Own/Other Sparse Group Penalty Sparse refers to not penalizing a whole group. In certain scenarios, a group penalty can be too restrictive. On the other hand, having many groups will substantially increase computation time and generally does not improve forecasting performance.
Hierarchical vector autoregression (HVAR) Hierarchical Vector Auto Regression, HVAR models, alleviate the problem of forecast performance starting to degrade as each added variable is treated democratically despite more distant data generally tending to be less useful in forecasting. Instead of imposing a single, universal lag order, lags can vary across in HVAR models. There are no exogenous variables in the HVAR framework.
Componentwise Lasso In Componentwise models all variables have the same maximum lag.
Own/Other Lasso Imposes an additional layer of hierarchy: prioritizing “own” lags over “other” lags in the HVAR framework.
Elementwise Lasso The most general structure, in each marginal model, each series may have its own maximum lag.
Mixed-frequency models (multivariate)
MIDAS Mixed Data Sampling (MIDAS) models use high frequency indicators to predict a low frequency variable. By fitting a lag distribution function the number of parameters is kept low, reducing the risk of over-fitting.
Unrestricted MIDAS Unrestricted Mixed Data Sampling (MIDAS) models use high frequency indicators to predict a low frequency variable.
MIDAS Sparse Group Penalty Mixed Data Sampling (MIDAS) models use high frequency indicators to predict a low frequency variable. By applying a sparse group penalty function the parameters are shrunk towards zero, reducing the risk of over-fitting.

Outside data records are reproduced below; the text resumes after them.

lemma face_closures_inclusion_exclusion:
  assumes "finite S" "S = O1 \<union> O2"
  shows "int (card (face_vertices y O1)) + int (card (face_vertices y O2))
      - int (card (face_edges x O1)) - int (card (face_edges x O2))
    = int (card (orbits S y)) - int (card (x_edges S x)) + common_alpha x y O1 O2"
proof -
  have "finite O1" "finite O2"
    using assms by auto
  then have fin: "finite (face_vertices y O1)" "finite (face_vertices y O2)"
    "finite (face_edges x O1)" "finite (face_edges x O2)"
    unfolding face_vertices_def face_edges_def by (auto simp: setcompr_eq_image)
  have "face_vertices y O1 \<union> face_vertices y O2 = orbits S y"
    unfolding face_vertices_def orbits_def assms(2) by (simp add: image_Un)
  moreover have "face_edges x O1 \<union> face_edges x O2 = x_edges S x"
    unfolding face_edges_def x_edges_def assms(2) by blast
  ultimately show ?thesis
    using card_Un_Int[OF fin(1,2)] card_Un_Int[OF fin(3,4)]
    unfolding common_alpha_def common_vertices_def common_edges_def by simp
qed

MIDAS Lasso Mixed Data Sampling (MIDAS) models use high frequency indicators to predict a low frequency variable. By applying a lasso penalty function the parameters are shrunk towards zero, reducing the risk of over-fitting.
Machine learning models (multivariate)
ANN The artificial neural network (ANN) is a model inspired by biological neural networks such as the human brain. The model is an example of a more sparse machine learning model compared to LSTM and GRU. This lessens the risk of overfitting while still offering more flexibility than a linear model. ANN is trained on data using variants of gradient descent, such as AdaGrad and ADAM.

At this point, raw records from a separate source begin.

lemma det_Mbeta:
  assumes s2: "0 < s2" and psd: "\<forall>x. 0 \<le> x \<bullet> (Sg *v x)" and w: "\<forall>i. 0 < w$i"
  shows "det (Mbeta s2 Sg A w) = (det A)\<^sup>2 / recip_poly (minor_coeff s2 Sg) w"
proof -
  let ?S = "M0_sqrt w"
  let ?B = "s2 *\<^sub>R matrix_inv (M0 w) + Sg"
  have sqrt_w: "0 < sqrt (w$i)" "sqrt (w$i) * (s2 / w$i) * sqrt (w$i) = s2" for i
  proof -
    show "0 < sqrt (w$i)"
      using w by simp
    have "sqrt (w$i) * (s2 / w$i) * sqrt (w$i) = s2 * (sqrt (w$i) * sqrt (w$i)) / w$i"
      by simp
    then show "sqrt (w$i) * (s2 / w$i) * sqrt (w$i) = s2"
      using w[rule_format, of i] by simp
  qed
  have "?S ** diag_mat (\<chi> i. s2 / w$i) ** ?S = s2 *\<^sub>R mat 1"
    unfolding M0_sqrt_def diag_mat_mult_diag_mat vec_lambda_beta sqrt_w(2)
    by (simp add: vec_eq_iff diag_mat_def mat_def)
  then have SBS: "s2 *\<^sub>R mat 1 + ?S ** Sg ** ?S = ?S ** ?B ** ?S"
    unfolding scaleR_matrix_inv_M0[OF w] by (simp add: matrix_add_ldistrib matrix_add_rdistrib)
  have "0 < det ?S"
    unfolding M0_sqrt_def using sqrt_w by (simp add: det_diagonal diag_mat_def prod_pos)
  moreover have "0 < det ?B"
    using det_design_matrix_pos[OF s2 psd w] .
  ultimately have "invertible (?S ** ?B ** ?S)"
    by (simp add: invertible_det_nz det_mul)
  then have "det (Mbeta s2 Sg A w) = det A * det ?S * (1 / (det ?S * det ?B * det ?S)) * det ?S * det A"
    unfolding Mbeta_def SBS by (simp add: det_mul det_matrix_inv det_transpose)
  also have "\<dots> = (det A)\<^sup>2 / det ?B"
    using \<open>0 < det ?S\<close> by (simp add: power2_eq_square)
  finally show ?thesis
    unfolding det_design_matrix[OF w] .
qed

LSTM The long short-term memory (LSTM) model is an artificial recurrent neural network. It is especially suited for processing sequences of data, owing to its feedback connections. LSTM models are used for many different tasks such as speech and video analysis, as well as time series analysis. One of the main strengths of an LSTM model is its flexibility, it can identify complex structures in data thanks to its non-linear activation functions and heavy parametrization. LSTM is trained on data using variants of gradient descent, such as AdaGrad and ADAM.

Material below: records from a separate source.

text \<open>
  Everything is measured by counting: in a top \<open>l\<close> sorted list, the entry at a position
  \<open>p < l\<close> is at least \<open>v\<close> as soon as \<open>p + 1\<close> entries are at least \<open>v\<close>. Sorting the rows
  of the splitting makes every column dominate the next one entrywise, so for each \<open>v\<close> the
  number of entries \<open>\<ge> v\<close> decreases from column to column, and comparator networks, being
  permutations, preserve these numbers. Two consequences follow. The padded prefixes
  \<open>pref(l\<^sub>i, z\<^sup>i)\<close> inherit the domination, so they form an \<open>m\<close>-wise tuple and the merger
  returns them top \<open>k\<close> sorted. An element left in \<open>suff(l\<^sub>i + 1, z\<^sup>i)\<close> lies below
  \<open>\<lfloor>k/i\<rfloor> + 1\<close> entries of column \<open>i\<close>, hence below \<open>min (\<lfloor>k/i\<rfloor> + 1) \<lfloor>k/i'\<rfloor>\<close> entries of
  each prefix \<open>i' \<le> i\<close>; these minima add up to at least \<open>k\<close>, so every element of \<open>out\<close>
  lies below the first \<open>k\<close> outputs of the merger.
\<close>

section \<open>Counting the entries above a value\<close>

definition count_ge :: "'a::linorder \<Rightarrow> 'a list \<Rightarrow> nat" where
  "count_ge v xs = length (filter (\<lambda>a. v \<le> a) xs)"

lemma count_ge_mset_eq: "mset xs = mset ys \<Longrightarrow> count_ge v xs = count_ge v ys"
  unfolding count_ge_def by (metis mset_filter size_mset)

lemma count_ge_eq_card: "count_ge v xs = card {q. q < length xs \<and> v \<le> xs ! q}"
  unfolding count_ge_def by (rule length_filter_conv_card)

lemma count_ge_append [simp]: "count_ge v (xs @ ys) = count_ge v xs + count_ge v ys"
  unfolding count_ge_def by simp

lemma count_ge_le_length: "count_ge v xs \<le> length xs"
  unfolding count_ge_def by simp

lemma count_ge_concat_map_upt:
  "count_ge v (concat (map f [a..<b])) = (\<Sum>i = a..<b. count_ge v (f i))"
  by (induction b) (auto simp: atLeastLessThanSuc count_ge_def)

lemma top_k_sorted_iff:
  "top_k_sorted k xs \<longleftrightarrow> sorted_desc (take k xs) \<and>
     (\<forall>a\<in>set (take k xs). \<forall>b\<in>set (drop k xs). b \<le> a)"
proof
  assume H: "top_k_sorted k xs"
  show "sorted_desc (take k xs) \<and> (\<forall>a\<in>set (take k xs). \<forall>b\<in>set (drop k xs). b \<le> a)"
  proof (intro conjI ballI)
    show "sorted_desc (take k xs)" using H by (simp add: top_k_sorted_def)
    fix a b assume "a \<in> set (take k xs)" and "b \<in> set (drop k xs)"
    then obtain p q where "p < k" "p < length xs" "a = xs ! p" "q < length xs - k" "b = xs ! (k + q)"
      by (auto simp: in_set_conv_nth)
    then show "b \<le> a" using H unfolding top_k_sorted_def by auto
  qed
next
  assume H: "sorted_desc (take k xs) \<and> (\<forall>a\<in>set (take k xs). \<forall>b\<in>set (drop k xs). b \<le> a)"
  show "top_k_sorted k xs" unfolding top_k_sorted_def
  proof (intro conjI allI impI)
    show "sorted_desc (take k xs)" using H by simp
    fix i j assume ij: "i < k \<and> k \<le> j \<and> j < length xs"
    have "xs ! i \<in> set (take k xs)" using ij by (auto simp: in_set_conv_nth intro!: exI[of _ i])
    moreover have "xs ! j \<in> set (drop k xs)" using ij
      by (auto simp: in_set_conv_nth intro!: exI[of _ "j - k"])
    ultimately show "xs ! j \<le> xs ! i" using H by blast
  qed
qed

lemma top_k_sorted_nth_le:
  assumes "top_k_sorted k z" "p < k" "p \<le> q" "q < length z"
  shows "z ! q \<le> z ! p"
proof (cases "q < k")
  case True
  have "sorted_wrt (\<lambda>a b. a \<ge> b) (take k z)"
    using assms(1) by (simp add: top_k_sorted_def sorted_desc_def)
  then show ?thesis using True assms
    by (metis le_eq_less_or_eq length_take min_less_iff_conj nth_take order_refl sorted_wrt_nth_less)
next
  case False
  then show ?thesis using assms unfolding top_k_sorted_def by auto
qed

lemma top_k_sorted_nth_ge_if_count_ge:
  assumes "top_k_sorted l z" "p < l" "p < length z" "p + 1 \<le> count_ge v z"
  shows "v \<le> z ! p"
proof (rule ccontr)
  assume "\<not> v \<le> z ! p"
  have "q < p" if q: "q < length z" "v \<le> z ! q" for q
  proof (rule ccontr)
    assume "\<not> q < p"
    then have "z ! q \<le> z ! p" using top_k_sorted_nth_le[OF assms(1,2)] q by simp
    then show False using q \<open>\<not> v \<le> z ! p\<close> by simp
  qed
  then have "card {q. q < length z \<and> v \<le> z ! q} \<le> card {..<p}"
    by (intro card_mono) auto
  then show False using assms(4) by (simp add: count_ge_eq_card)
qed

lemma top_k_sorted_count_ge_nth:
  assumes "top_k_sorted l z" "p < l" "p < length z"
  shows "p + 1 \<le> count_ge (z ! p) z"
proof -
  have "{..p} \<subseteq> {q. q < length z \<and> z ! p \<le> z ! q}"
    using top_k_sorted_nth_le[OF assms(1)] assms by force
  then have "card {..p} \<le> card {q. q < length z \<and> z ! p \<le> z ! q}"
    by (rule card_mono[rotated]) auto
  then show ?thesis by (simp add: count_ge_eq_card)
qed

lemma top_k_sorted_count_ge_take:
  assumes "top_k_sorted l z" "l \<le> length z"
  shows "min (count_ge v z) l \<le> count_ge v (take l z)"
proof (cases "\<forall>p<l. v \<le> z ! p")
  case True
  then have "filter (\<lambda>a. v \<le> a) (take l z) = take l z"
    by (auto simp: filter_id_conv in_set_conv_nth)
  then have "count_ge v (take l z) = l" using assms(2) by (simp add: count_ge_def)
  then show ?thesis by simp
next
  case False
  then obtain p where p: "p < l" "z ! p < v" by auto
  have "\<not> v \<le> a" if a: "a \<in> set (drop l z)" for a
  proof -
    obtain q where "q < length z - l" "a = z ! (l + q)"
      using a by (auto simp: in_set_conv_nth)
    then have "a \<le> z ! p" using top_k_sorted_nth_le[OF assms(1) p(1), of "l + q"] p by auto
    then show ?thesis using p by auto
  qed
  then have "count_ge v (drop l z) = 0" by (simp add: count_ge_def filter_empty_conv)
  then have "count_ge v z = count_ge v (take l z)"
    by (metis add.right_neutral append_take_drop_id count_ge_append)
  then show ?thesis by simp
qed

lemma top_k_sorted_count_ge_drop:
  assumes "top_k_sorted l z" "l \<le> length z" "x \<in> set (drop l z)"
  shows "l + 1 \<le> count_ge x z"
proof -
  obtain q where q: "q < length z - l" "x = z ! (l + q)"
    using assms(3) by (auto simp: in_set_conv_nth)
  have "x \<le> a" if a: "a \<in> set (take l z)" for a
  proof -
    obtain p where "p < l" "a = z ! p" using a assms(2) by (auto simp: in_set_conv_nth)
    then show ?thesis using top_k_sorted_nth_le[OF assms(1)] q by auto
  qed
  then have "count_ge x (take l z) = l" using assms(2) by (simp add: count_ge_def filter_id_conv[THEN iffD2])
  moreover have "1 \<le> count_ge x (drop l z)"
    using assms(3) unfolding count_ge_def
    by (metis One_nat_def Suc_leI filter_empty_conv length_greater_0_conv order_refl)
  ultimately show ?thesis
    by (metis add_le_mono append_take_drop_id count_ge_append le_refl)
qed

GRU The gated recurrent unit (GRU) model is a type of recurrent neural network. As such it is well suited for sequential data such as time series. The main strength is the high flexibility compared to linear models, a GRU model can identify non-linear patterns in data, allowing it to more accurately describe it. It is similar to LSTM but has fewer parameters, which lessens the risk of overfitting on smaller sets of data. GRU is trained on data using variants of gradient descent, such as AdaGrad and ADAM.